Former president Thabo Mbeki. File photo.
Image: RAYMOND PRESTON

Western powers are determined to bring about regime change in Libya regardless of the cost to that country, former president Thabo Mbeki said on Friday.

In a speech to students at Stellenbosch University, delivered in his capacity as patron of the Thabo Mbeki Foundation, he said the major Western powers had intervened in Libya to "advance their selfish interests".

They had used the United Nations Security Council -- which, in March this year, adopted a resolution to, among other things, enforce a no-fly zone over Libya and take all necessary measures to protect civilians -- to achieve this.

"They were and are bent on regime-change in Libya, regardless of the cost to this African country, intent to produce a political outcome which would serve their interests," Mbeki said.

Citing a report on Libya compiled by the Brussels-based International Crisis Group, he said the ICG had been "absolutely correct" in its assessment that the insistence on Colonel Muammar Gaddafi's departure as a pre-condition for negotiations would prolong the fighting.

"To insist that he both leave the country and face trial in the International Criminal Court is virtually to ensure that he will stay in Libya to the bitter end and go down fighting," Mbeki quoted.

He then told the students: "Bitter facts on the ground, showing the loss of African lives and the destruction of property in Libya, demonstrate that the ICG was absolutely correct.

"The naked reality is not that the Western powers did not hear what the ICG said.
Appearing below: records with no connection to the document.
lemma (in sigma_finite_subalgebra) integral_inner_unbiased:
  fixes h g :: "'a \<Rightarrow> 'd::euclidean_space"
  assumes hF: "h \<in> borel_measurable F" and h: "square_integrable M h" and g: "square_integrable M g"
    and unbiased: "\<And>b. b \<in> Basis \<Longrightarrow> AE \<omega> in M. real_cond_exp M F (\<lambda>\<omega>. g \<omega> \<bullet> b) \<omega> = h \<omega> \<bullet> b"
  shows "(\<integral>\<omega>. h \<omega> \<bullet> g \<omega> \<partial>M) = (\<integral>\<omega>. (norm (h \<omega>))\<^sup>2 \<partial>M)"
proof -
  have component: "(\<integral>\<omega>. (h \<omega> \<bullet> b) * (g \<omega> \<bullet> b) \<partial>M) = (\<integral>\<omega>. (h \<omega> \<bullet> b) * (h \<omega> \<bullet> b) \<partial>M)"
    if b: "b \<in> Basis" for b
  proof -
    have int: "integrable M (\<lambda>\<omega>. (h \<omega> \<bullet> b) * (g \<omega> \<bullet> b))"
      using h g by (rule square_integrable_component_product)
    have hbF: "(\<lambda>\<omega>. h \<omega> \<bullet> b) \<in> borel_measurable F"
      using hF by measurable
    have gbM: "(\<lambda>\<omega>. g \<omega> \<bullet> b) \<in> borel_measurable M"
      using g by (auto simp: square_integrable_def)
    have "(\<integral>\<omega>. (h \<omega> \<bullet> b) * (g \<omega> \<bullet> b) \<partial>M)
        = (\<integral>\<omega>. (h \<omega> \<bullet> b) * real_cond_exp M F (\<lambda>\<omega>. g \<omega> \<bullet> b) \<omega> \<partial>M)"
      using real_cond_exp_intg(2)[OF int hbF gbM] by simp
    also have "\<dots> = (\<integral>\<omega>. (h \<omega> \<bullet> b) * (h \<omega> \<bullet> b) \<partial>M)"
    proof (rule integral_cong_AE)
      show "(\<lambda>\<omega>. (h \<omega> \<bullet> b) * real_cond_exp M F (\<lambda>\<omega>. g \<omega> \<bullet> b) \<omega>) \<in> borel_measurable M"
        using real_cond_exp_intg(1)[OF int hbF gbM] by (rule borel_measurable_integrable)
      show "(\<lambda>\<omega>. (h \<omega> \<bullet> b) * (h \<omega> \<bullet> b)) \<in> borel_measurable M"
        using h by (auto simp: square_integrable_def)
      show "AE \<omega> in M. (h \<omega> \<bullet> b) * real_cond_exp M F (\<lambda>\<omega>. g \<omega> \<bullet> b) \<omega> = (h \<omega> \<bullet> b) * (h \<omega> \<bullet> b)"
        using unbiased[OF b] by eventually_elim simp
    qed
    finally show ?thesis .
  qed
  have "(\<integral>\<omega>. h \<omega> \<bullet> g \<omega> \<partial>M) = (\<Sum>b\<in>Basis. \<integral>\<omega>. (h \<omega> \<bullet> b) * (g \<omega> \<bullet> b) \<partial>M)"
    by (subst euclidean_inner)
      (intro Bochner_Integration.integral_sum square_integrable_component_product h g)
  also have "\<dots> = (\<Sum>b\<in>Basis. \<integral>\<omega>. (h \<omega> \<bullet> b) * (h \<omega> \<bullet> b) \<partial>M)"
    by (intro sum.cong component refl)
  also have "\<dots> = (\<integral>\<omega>. h \<omega> \<bullet> h \<omega> \<partial>M)"
    by (subst (2) euclidean_inner)
      (intro Bochner_Integration.integral_sum[symmetric] square_integrable_component_product h)
  finally show ?thesis
    by (simp add: power2_norm_eq_inner)
qed
(* Let $\mathbb{S}$ be a locally finite, unbounded subset of $[0,\infty)$ with $0\in\mathbb{S}$, and let $(X_t)_{t\in\mathbb{N}}$ be $\mathbb{S}$-valued, adapted to a filtration $(\mathcal{F}_t)$, with $\mathbb{P}[X_1=0]=1$. Suppose that for each $x,y\in\mathbb{S}$ there exist $m(x,y)\in\mathbb{N}$, $\varphi(x,y)>0$ with $\mathbb{P}[X_{t+m(X_t,y)}=y\mid\mathcal{F}_t]\ge\varphi(X_t,y)$ a.s. for all $t$. Writing $\Delta_t:=X_{t+1}-X_t$, suppose there exists $B<\infty$ with $\mathbb{E}[\Delta_t^2\mid\mathcal{F}_t]\le B$ a.s. for all $t$, and there exist $x_0,c\in(0,\infty)$ such that on $\{X_t\ge x_0\}$, $\mathbb{E}[\Delta_t\mid\mathcal{F}_t]\ge-c/X_t$ a.s. for all $t$. Let $\Phi:[0,\infty)\to[0,\infty)$ be nondecreasing. Then there exists $\varepsilon>0$ such that for all $y$ sufficiently large, $$\mathbb{P}[M_1\ge y]\le2\,\mathbb{P}\Big[\sum_{t=1}^{\eta_1}\Phi(X_t)\ge\varepsilon y^2\Phi(y/2)\Big].$$ In particular, $\mathbb{P}[\eta_1\ge x]\ge\frac12\mathbb{P}[M_1\ge(x/\varepsilon)^{1/2}]$ for all $x$ sufficiently large.
   Context: $\tau_0:=1$, $\tau_1:=\min\{t>1:X_t=0\}$ ($\min\emptyset=\infty$), $\eta_1:=\tau_1-\tau_0$, and $M_1:=\sup_{\tau_0\le t<\tau_1}X_t$. *)

theory Defs
  imports "HOL-Probability.Probability"
begin

text \<open>Excursion quantities for a process X indexed by nat (time starts at 1).
  tau0 = 1, tau1 = min {t > 1. X t = 0} (infinity if empty), eta1 = tau1 - tau0,
  M1 = sup of X t over tau0 <= t < tau1.\<close>

definition tau1 :: "(nat \<Rightarrow> 'a \<Rightarrow> real) \<Rightarrow> 'a \<Rightarrow> enat" where
  "tau1 X \<omega> = (if \<exists>t>1. X t \<omega> = 0 then enat (LEAST t. t > 1 \<and> X t \<omega> = 0) else \<infinity>)"

definition eta1 :: "(nat \<Rightarrow> 'a \<Rightarrow> real) \<Rightarrow> 'a \<Rightarrow> enat" where
  "eta1 X \<omega> = tau1 X \<omega> - enat 1"

definition M1 :: "(nat \<Rightarrow> 'a \<Rightarrow> real) \<Rightarrow> 'a \<Rightarrow> ereal" where
  "M1 X \<omega> = (SUP t \<in> {t. 1 \<le> t \<and> enat t < tau1 X \<omega>}. ereal (X t \<omega>))"

definition additive_functional :: "(real \<Rightarrow> real) \<Rightarrow> (nat \<Rightarrow> 'a \<Rightarrow> real) \<Rightarrow> 'a \<Rightarrow> ennreal" where
  "additive_functional \<Phi> X \<omega> =
     (\<Sum>t. if 1 \<le> t \<and> enat t \<le> eta1 X \<omega> then ennreal (\<Phi> (X t \<omega>)) else 0)"

end

theory Submission
  imports Defs
begin

text \<open>
  Let \<open>s\<close> be the first time the excursion reaches level \<open>y\<close>. Write the later increments of
  \<open>X\<close> as conditional drift plus martingale difference (with conditional variance at most \<open>B\<close>),
  and stop the martingale part when \<open>X\<close> first falls to \<open>y / 2\<close>. While \<open>X > y / 2 \<ge> x\<^sub>0\<close>
  the drift is at least \<open>-2c / y\<close>, so a fall from \<open>y\<close> to \<open>y / 2\<close> within \<open>n \<approx> \<epsilon> y\<^sup>2\<close> steps forces the
  stopped martingale below \<open>-y / 4\<close>; by orthogonality of martingale differences its second moment
  is at most \<open>n B\<close> times the probability of the first-passage event. Chebyshev's inequality then
  shows that with conditional probability at least \<open>1 / 2\<close> the process stays above \<open>y / 2\<close> for
  \<open>n\<close> steps, during which the excursion continues and each step contributes at least \<open>\<Phi> (y / 2)\<close>
  to the additive functional. Summing over the disjoint first-passage events gives
  \<open>P[M\<^sub>1 \<ge> y] \<le> 2 P[the excursion spends \<epsilon> y\<^sup>2 consecutive steps above y / 2]\<close>.
\<close>

lemma enat_less_tau1_iff:
  "enat k < tau1 X \<omega> \<longleftrightarrow> (\<forall>u\<in>{1<..k}. X u \<omega> \<noteq> 0)"
proof (cases "\<exists>t>1. X t \<omega> = 0")
  case True
  define L where "L = (LEAST t. t > 1 \<and> X t \<omega> = 0)"
  have L: "1 < L" "X L \<omega> = 0"
    using LeastI_ex[OF True] unfolding L_def by auto
  have L_min: "L \<le> u" if "1 < u" "X u \<omega> = 0" for u
    using that unfolding L_def by (simp add: Least_le)
  have "k < L \<longleftrightarrow> (\<forall>u\<in>{1<..k}. X u \<omega> \<noteq> 0)"
  proof
    show "\<forall>u\<in>{1<..k}. X u \<omega> \<noteq> 0" if "k < L"
      using that L_min by (meson greaterThanAtMost_iff le_less_trans not_less)
    show "k < L" if "\<forall>u\<in>{1<..k}. X u \<omega> \<noteq> 0"
      using that L by (meson greaterThanAtMost_iff not_less)
  qed
  then show ?thesis
    using True by (simp add: tau1_def L_def)
next
  case False
  then show ?thesis
    by (auto simp: tau1_def)
qed
(* Let $p\in\mathbb N$. (i) If $\mathbf K$ is a finite field, the group $\mathrm{GL}_{p-rec}(\mathbf K)$ is residually finite. (ii) If $\mathbf K$ is an arbitrary (commutative) field, every finitely generated subgroup $\Gamma\subset\mathrm{GL}_{p-rec}(\mathbf K)$ is residually finite.
   Context: $\mathcal M_{p\times p}$ is the monoid of pairs $(U,W)$ of words of common length over $\{0,\dots,p-1\}$. For $A:\mathcal M_{p\times p}\to\mathbf K$ (values $A[U,W]$), shift maps act by $(\rho(S,T)A)[U,W]=A[US,WT]$; $\mathrm{Rec}_{p\times p}(\mathbf K)$ is the set of $A$ for which the span of $\{\rho(S,T)A\}$ is finite-dimensional. It is an algebra for $(AB)[U,W]=\sum_{V\in\{0,\dots,p-1\}^l}A[U,V]B[V,W]$ ($(U,W)$ of length $l$) with identity $\mathrm{Id}[U,W]=\delta_{U,W}$. $\mathrm{GL}_{p-rec}(\mathbf K)$ is the group of units of $\mathrm{Rec}_{p\times p}(\mathbf K)$. A group $\Gamma$ is residually finite if for every $\gamma\ne1$ there is a homomorphism $\pi$ to a finite group with $\pi(\gamma)\ne1$. *)

theory Defs
  imports "HOL-Algebra.Algebra"
begin

text \<open>Words over the alphabet {0,...,p-1} are lists of naturals with entries < p.
  A function on the monoid M_{p x p} is represented as a function of two lists,
  required to vanish outside the monoid (pairs of words of common length).\<close>

definition valid_pair :: "nat \<Rightarrow> nat list \<Rightarrow> nat list \<Rightarrow> bool" where
  "valid_pair p U W \<longleftrightarrow> length U = length W \<and> set U \<subseteq> {..<p} \<and> set W \<subseteq> {..<p}"

definition words :: "nat \<Rightarrow> nat \<Rightarrow> nat list set" where
  "words p l = {V. length V = l \<and> set V \<subseteq> {..<p}}"

definition is_pseries :: "nat \<Rightarrow> (nat list \<Rightarrow> nat list \<Rightarrow> 'k::field) \<Rightarrow> bool" where
  "is_pseries p A \<longleftrightarrow> (\<forall>U W. \<not> valid_pair p U W \<longrightarrow> A U W = 0)"

definition shift :: "(nat list \<Rightarrow> nat list \<Rightarrow> 'k) \<Rightarrow> nat list \<Rightarrow> nat list \<Rightarrow> (nat list \<Rightarrow> nat list \<Rightarrow> 'k)" where
  "shift A S T = (\<lambda>U W. A (U @ S) (W @ T))"

text \<open>Recognizable: the linear span of all shifts is finite-dimensional, i.e. all shifts
  lie in the span of a finite family F.\<close>
definition recognizable :: "nat \<Rightarrow> (nat list \<Rightarrow> nat list \<Rightarrow> 'k::field) \<Rightarrow> bool" where
  "recognizable p A \<longleftrightarrow> is_pseries p A \<and>
     (\<exists>F. finite F \<and> (\<forall>S T. valid_pair p S T \<longrightarrow>
        (\<exists>c. shift A S T = (\<lambda>U W. \<Sum>f\<in>F. c f * f U W))))"

definition rec_mult :: "nat \<Rightarrow> (nat list \<Rightarrow> nat list \<Rightarrow> 'k::field) \<Rightarrow> (nat list \<Rightarrow> nat list \<Rightarrow> 'k) \<Rightarrow> (nat list \<Rightarrow> nat list \<Rightarrow> 'k)" where
  "rec_mult p A B = (\<lambda>U W. if valid_pair p U W
      then (\<Sum>V\<in>words p (length U). A U V * B V W) else 0)"

definition rec_id :: "nat \<Rightarrow> (nat list \<Rightarrow> nat list \<Rightarrow> 'k::field)" where
  "rec_id p = (\<lambda>U W. if valid_pair p U W \<and> U = W then 1 else 0)"

definition Rec_monoid :: "nat \<Rightarrow> (nat list \<Rightarrow> nat list \<Rightarrow> 'k::field) monoid" where
  "Rec_monoid p = \<lparr>carrier = {A. recognizable p A}, Group.monoid.mult = rec_mult p, one = rec_id p\<rparr>"

definition GL_rec :: "nat \<Rightarrow> (nat list \<Rightarrow> nat list \<Rightarrow> 'k::field) monoid" where
  "GL_rec p = units_of (Rec_monoid p)"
Rather, they heard but did not want to listen to anything informed by the objective to address the real interests of the African people of Libya."

Mbeki also quoted from an article in The Boston Globe newspaper in April this year, which suggested the US had entered into military action in Libya under "false pretences" and that President Barack Obama had "grossly exaggerated" the humanitarian threat to justify such action.

He also quoted veteran Guardian correspondent Jonathan Steele, who earlier this month had said: "Thanks to its crucial role in tipping the military scales in Libya, Nato and the rebels are inextricably linked.

"Gaddafi had few supporters in the Arab world, but there is a justified perception on the Arab street that the rebels are over-reliant on Western support and that the overriding Western motive is access to Libya's oil... ."

Mbeki encouraged students to read about and understand what had happened in Libya, as well in Egypt and Tunisia.

Through this, they would be "inspired by what your peers have done in Tunisia and Egypt, who took the lead in the popular uprisings in their countries, which have served to advance the African democratic revolution", he said.

A copy of Mbeki's speech was sent to Sapa.